We adjusted for potential inflation of type I error that could arise from examination of hair cell density and apoptosis that were conducted in ears from the same individual fish from the 3-day noise exposure experiment. We used a sequential Bonferroni (Rice, 1989) procedure to adjust type I error for the two GLMMs (hair cell density, apoptosis) and subsequent post hoc tests conducted on data from the same set of fish. No other type I error adjustments were made because we considered results from the 15-min and 3-day noise exposure experiments, which were conducted separately to be independent. Further, because hearing thresholds and examination of saccular epithelia were conducted on different fish, we did not make any adjustments for type I error.
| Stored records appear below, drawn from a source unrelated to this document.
lemma unitvec_in_c0: "unitvec n \<in> c0"
proof -
  have "\<forall>\<^sub>F k in sequentially. apply_bcontfun (unitvec n) k = 0"
    by (rule eventually_sequentiallyI[of "Suc n"]) (simp add: apply_unitvec)
  then show ?thesis unfolding c0_def by (simp add: tendsto_eventually)
qed

lemma c0_functional_unitvec_summable:
  assumes f: "linear_on_set c0 f" and f_le: "\<forall>x\<in>c0. \<bar>f x\<bar> \<le> B * norm x" and "0 \<le> B"
  shows "summable (\<lambda>n. \<bar>f (unitvec n)\<bar>)" and "(\<Sum>n. \<bar>f (unitvec n)\<bar>) \<le> B"
proof -
  have partial: "(\<Sum>n<N. \<bar>f (unitvec n)\<bar>) \<le> B" for N
  proof -
    define v where "v = (\<Sum>n<N. sgn (f (unitvec n)) *\<^sub>R unitvec n)"
    have "v \<in> c0"
      unfolding v_def using subspace_c0 unitvec_in_c0
      by (intro subspace_sum subspace_mul) auto
    have sgn_mult: "sgn t * t = \<bar>t\<bar>" for t :: real by (simp add: sgn_if)
    have "f v = (\<Sum>n<N. \<bar>f (unitvec n)\<bar>)"
      unfolding v_def using subspace_mul[OF subspace_c0 unitvec_in_c0] f
      by (subst linear_on_set_sum[OF subspace_c0 f]) (auto simp: linear_on_set_def unitvec_in_c0 sgn_mult)
    have "apply_bcontfun v k = (if k < N then sgn (f (unitvec k)) else 0)" for k
      unfolding v_def apply_bcontfun_sum by (simp add: apply_unitvec if_distrib[of "\<lambda>t. _ * t"] cong: if_cong)
    then have "norm v \<le> 1"
      by (intro norm_bound) (auto simp: abs_sgn_eq)
    have "(\<Sum>n<N. \<bar>f (unitvec n)\<bar>) \<le> \<bar>f v\<bar>" using \<open>f v = _\<close> by simp
    also have "\<dots> \<le> B * norm v" using f_le \<open>v \<in> c0\<close> by blast
    also have "\<dots> \<le> B" using \<open>norm v \<le> 1\<close> \<open>0 \<le> B\<close> by (simp add: mult_left_le)
    finally show ?thesis .
  qed
  show "summable (\<lambda>n. \<bar>f (unitvec n)\<bar>)"
    by (rule summableI_nonneg_bounded[OF _ partial]) simp
  then show "(\<Sum>n. \<bar>f (unitvec n)\<bar>) \<le> B"
    using suminf_le_const partial by blast
qed

definition linf_reindex :: "(nat \<Rightarrow> nat) \<Rightarrow> linf \<Rightarrow> linf" where
  "linf_reindex \<sigma> x = Bcontfun (\<lambda>n. apply_bcontfun x (\<sigma> n))"

lemma apply_linf_reindex [simp]:
  "apply_bcontfun (linf_reindex \<sigma> x) = (\<lambda>n. apply_bcontfun x (\<sigma> n))"
  unfolding linf_reindex_def by (rule apply_Bcontfun_nat[OF abs_apply_le_norm])

lemma norm_linf_reindex_le: "norm (linf_reindex \<sigma> x) \<le> norm x"
  unfolding linf_reindex_def by (rule norm_Bcontfun_nat_le[OF abs_apply_le_norm])

lemma bounded_linear_linf_reindex: "bounded_linear (linf_reindex \<sigma>)"
  by (rule bounded_linear_intro[of _ 1]) (auto intro!: bcontfun_eqI simp: norm_linf_reindex_le)

lemma linf_reindex_in_c0:
  assumes "filterlim \<sigma> at_top at_top" "x \<in> c0"
  shows "linf_reindex \<sigma> x \<in> c0"
  using filterlim_compose[OF _ assms(1)] assms(2) unfolding c0_def by auto

definition linf_interleave :: "linf \<Rightarrow> linf \<Rightarrow> linf" where
  "linf_interleave u v =
     Bcontfun (\<lambda>n. if even n then apply_bcontfun u (n div 2) else apply_bcontfun v (n div 2))"

lemma abs_interleave_le:
  "\<bar>if even n then apply_bcontfun u (n div 2) else apply_bcontfun v (n div 2)\<bar> \<le> norm u + norm v"
  for u v :: linf
  using abs_apply_le_norm[of u "n div 2"] abs_apply_le_norm[of v "n div 2"] by auto

lemma apply_linf_interleave [simp]:
  "apply_bcontfun (linf_interleave u v) =
     (\<lambda>n. if even n then apply_bcontfun u (n div 2) else apply_bcontfun v (n div 2))"
  unfolding linf_interleave_def by (rule apply_Bcontfun_nat[OF abs_interleave_le])

lemma norm_linf_interleave_le: "norm (linf_interleave u v) \<le> norm u + norm v"
  unfolding linf_interleave_def by (rule norm_Bcontfun_nat_le[OF abs_interleave_le])

lemma linf_reindex_interleave:
  "linf_reindex (\<lambda>n. 2 * n) (linf_interleave u v) = u"
  "linf_reindex (\<lambda>n. 2 * n + 1) (linf_interleave u v) = v"
  by (auto intro!: bcontfun_eqI)

lemma bounded_linear_linf_interleave:
  assumes f: "bounded_linear f" and g: "bounded_linear g"
  shows "bounded_linear (\<lambda>x. linf_interleave (f x) (g x))"
proof -
  obtain Kf Kg where "\<And>x. norm (f x) \<le> norm x * Kf" "\<And>x. norm (g x) \<le> norm x * Kg"
    using bounded_linear.bounded[OF f] bounded_linear.bounded[OF g] by metis
  then have "norm (linf_interleave (f x) (g x)) \<le> norm x * (Kf + Kg)" for x
    using norm_linf_interleave_le[of "f x" "g x"] by (simp add: distrib_left) (smt (verit))
  then show ?thesis
    by (intro bounded_linear_intro[of _ "Kf + Kg"])
       (auto intro!: bcontfun_eqI simp: linear_add[OF bounded_linear.linear[OF f]]
          linear_add[OF bounded_linear.linear[OF g]] linear_scale[OF bounded_linear.linear[OF f]]
          linear_scale[OF bounded_linear.linear[OF g]])
qed

lemma linf_operator_extension:
  fixes T :: "'a::real_normed_vector \<Rightarrow> linf"
  assumes V: "subspace V" and T: "linear_on_set V T"
    and T_le: "\<forall>x\<in>V. norm (T x) \<le> B * norm x" and "0 \<le> B"
  shows "\<exists>U. bounded_linear U \<and> (\<forall>x\<in>V. U x = T x) \<and> (\<forall>x. norm (U x) \<le> B * norm x)"
proof -
  have "\<exists>g. linear g \<and> (\<forall>x\<in>V. g x = apply_bcontfun (T x) n) \<and> (\<forall>x. \<bar>g x\<bar> \<le> B * norm x)"
    for n
  proof (rule Hahn_Banach[OF V _ _ \<open>0 \<le> B\<close>])
    show "linear_on_set V (\<lambda>x. apply_bcontfun (T x) n)"
      using T unfolding linear_on_set_def by simp
    show "\<forall>x\<in>V. apply_bcontfun (T x) n \<le> B * norm x"
      using T_le abs_apply_le_norm[of "T _" n] by (meson abs_le_D1 order_trans)
  qed
  then obtain g where g: "\<And>n. linear (g n)" "\<And>n x. x \<in> V \<Longrightarrow> g n x = apply_bcontfun (T x) n"
    "\<And>n x. \<bar>g n x\<bar> \<le> B * norm x"
    by metis
  define U where "U x = Bcontfun (\<lambda>n. g n x)" for x
  have apply_U: "apply_bcontfun (U x) = (\<lambda>n. g n x)" for x
    unfolding U_def by (rule apply_Bcontfun_nat[OF g(3)])
  have U_le: "norm (U x) \<le> B * norm x" for x
    unfolding U_def by (rule norm_Bcontfun_nat_le[OF g(3)])
  have "bounded_linear U"
    by (rule bounded_linear_intro[of _ B])
       (auto intro!: bcontfun_eqI simp: apply_U linear_add[OF g(1)] linear_scale[OF g(1)] U_le mult.commute)
  moreover have "\<forall>x\<in>V. U x = T x"
    by (auto intro!: bcontfun_eqI simp: apply_U g(2))
  ultimately show ?thesis using U_le by blast
qed

locale lim_extension =
  fixes L :: "linf \<Rightarrow> real"
  assumes linear: "linear L"
    and extends_lim: "convergent (apply_bcontfun x) \<Longrightarrow> L x = lim (apply_bcontfun x)"
    and abs_le_norm: "\<bar>L x\<bar> \<le> norm x"

lemma lim_extension_exists: "\<exists>L. lim_extension L"
proof -
  define V where "V = {x :: linf. convergent (apply_bcontfun x)}"
  have "subspace V"
    unfolding subspace_def V_def
    by (auto intro: convergent_add convergent_mult convergent_const)
  moreover have "linear_on_set V (\<lambda>x. lim (apply_bcontfun x))"
    unfolding linear_on_set_def V_def convergent_def
    by (auto intro!: limI tendsto_add tendsto_mult_left simp: limI)
  moreover have "\<forall>x\<in>V. lim (apply_bcontfun x) \<le> 1 * norm x"
  proof
    fix x assume "x \<in> V"
    then have "apply_bcontfun x \<longlonglongrightarrow> lim (apply_bcontfun x)"
      unfolding V_def by (simp add: convergent_LIMSEQ_iff)
    then show "lim (apply_bcontfun x) \<le> 1 * norm x"
      using abs_apply_le_norm[of x] by (auto intro: LIMSEQ_le_const2 abs_le_D1)
  qed
  ultimately obtain L where "linear L" "\<forall>x\<in>V. L x = lim (apply_bcontfun x)" "\<forall>x. \<bar>L x\<bar> \<le> norm x"
    using Hahn_Banach[of V "\<lambda>x. lim (apply_bcontfun x)" 1] by auto
  then have "lim_extension L"
    unfolding lim_extension_def V_def by auto
  then show ?thesis by blast
qed

definition linf_spread :: "linf \<Rightarrow> linf" where
  "linf_spread = linf_reindex (\<lambda>n. fst (prod_decode n))"

lemma bounded_linear_linf_spread: "bounded_linear linf_spread"
  unfolding linf_spread_def by (rule bounded_linear_linf_reindex)

context lim_extension
begin

text \<open>A sequence x is read as the matrix with entries x (prod_encode (k, j)); the k-th entry of
  row_limits x is the generalized limit of the k-th row. Hence row_limits kills c0 and inverts
  linf_spread, which repeats u k along the whole k-th row.\<close>
definition row_limits :: "linf \<Rightarrow> linf" where
  "row_limits x = Bcontfun (\<lambda>k. L (linf_reindex (\<lambda>j. prod_encode (k, j)) x))"

lemma abs_L_reindex_le: "\<bar>L (linf_reindex \<sigma> x)\<bar> \<le> norm x"
  using abs_le_norm norm_linf_reindex_le order_trans by blast

lemma apply_row_limits: "apply_bcontfun (row_limits x) k = L (linf_reindex (\<lambda>j. prod_encode (k, j)) x)"
  unfolding row_limits_def by (subst apply_Bcontfun_nat[OF abs_L_reindex_le]) rule

lemma norm_row_limits_le: "norm (row_limits x) \<le> norm x"
  unfolding row_limits_def by (rule norm_Bcontfun_nat_le[OF abs_L_reindex_le])

lemma bounded_linear_row_limits: "bounded_linear row_limits"
proof (rule bounded_linear_intro[of _ 1])
  have reindex: "linear (linf_reindex \<sigma>)" for \<sigma>
    using bounded_linear.linear[OF bounded_linear_linf_reindex] .
  fix x y r
  show "row_limits (x + y) = row_limits x + row_limits y"
    by (rule bcontfun_eqI) (simp add: apply_row_limits linear_add[OF linear] linear_add[OF reindex])
  show "row_limits (r *\<^sub>R x) = r *\<^sub>R row_limits x"
    by (rule bcontfun_eqI) (simp add: apply_row_limits linear_scale[OF linear] linear_scale[OF reindex])
  show "norm (row_limits x) \<le> norm x * 1"
    using norm_row_limits_le by simp
qed

lemma row_limits_c0: "x \<in> c0 \<Longrightarrow> row_limits x = 0"
proof (rule bcontfun_eqI)
  fix k assume "x \<in> c0"
  have "filterlim (\<lambda>j. prod_encode (k, j)) at_top at_top"
    by (rule filterlim_at_top_mono[OF filterlim_ident]) (simp add: le_prod_encode_2)
  then have "apply_bcontfun (linf_reindex (\<lambda>j. prod_encode (k, j)) x) \<longlonglongrightarrow> 0"
    using linf_reindex_in_c0 \<open>x \<in> c0\<close> unfolding c0_def by blast
  then show "apply_bcontfun (row_limits x) k = apply_bcontfun 0 k"
    unfolding apply_row_limits by (simp add: extends_lim convergentI limI)
qed

lemma row_limits_spread: "row_limits (linf_spread u) = u"
proof (rule bcontfun_eqI)
  fix k
  have "apply_bcontfun (linf_reindex (\<lambda>j. prod_encode (k, j)) (linf_spread u)) = (\<lambda>j. apply_bcontfun u k)"
    by (simp add: linf_spread_def)
  then show "apply_bcontfun (row_limits (linf_spread u)) k = apply_bcontfun u k"
    unfolding apply_row_limits by (simp add: extends_lim convergent_const)
qed

text \<open>The row limits of twist U E y recover both row_limits (U y) and y - E (U y), which
  makes twist U E bounded below; if U maps w into c0 and E (U w) = w, both vanish at w.\<close>
definition twist :: "(linf \<Rightarrow> linf) \<Rightarrow> (linf \<Rightarrow> linf) \<Rightarrow> linf \<Rightarrow> linf" where
  "twist U E y = U y - linf_spread (row_limits (U y))
     + linf_spread (linf_interleave (row_limits (U y)) (y - E (U y)))"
When differences were observed among treatments or treatment×factor interactions (α≤0.05) in GLMMs, we conducted custom a priori Bonferroni post hoc comparisons. These custom contrasts allowed us to test for threshold differences at specific stimulus frequencies (i.e. threshold of 100 Hz control versus 100 Hz noise exposed) and differences at specific anatomical regions (i.e. H1 control versus H1 noise exposed) on the saccular macula and to maintain statistical power by avoiding nonsensical contrasts (e.g. threshold of 100 Hz control versus 1000 Hz noise exposed. In one case (see ‘Results, Hair cell apoptosis following 3-day repeated vessel noise exposure’), support for the model including an interaction term was much stronger as indicated by AICc (Burnham and Anderson, 2002) despite a P-value >0.05 for this term. In this case, we explored potential differences at each region with custom a priori Bonferroni post hoc comparisons. All analyses were computed using RStudio (http://www.rstudio.com/) version 4.0.3. with ‘nlme’ (https://CRAN.R-project.org/package=nlme) and ‘emmeans’ (https://CRAN.R-project.org/package=emmeans) packages.
RESULTS
Experiment 1: 15-min single boat noise exposure
Hair cell bundle density following 15-min vessel noise exposure
In tests for differences among regions between experimental treatment fish and controls, the minimum adequate model (Table 2) with interactions (saturated) was the best fit (AICc 771) compared with the models without interaction and simplified pooled models (AICc 819, 827 and 855, respectively). The GLMM analysis revealed that there was a significant interaction between treatment and region (P=0.032; Table 2) on hair cell density counts. To test for differences in saccular hair cell density, a priori post hoc pairwise comparisons for specific regions between treatments (i.e. H1 control versus H1 noise exposed) were conducted and found no differences between treatments for any region (P>0.05; Table S2; Fig. 5A). Pairwise comparisons indicated that differences among average hair cell densities observed in five of six regions (H1, H2, H3, H4 and T1) among control and noise-exposed fish were not greater than expected by chance (P>0.05; Table S2).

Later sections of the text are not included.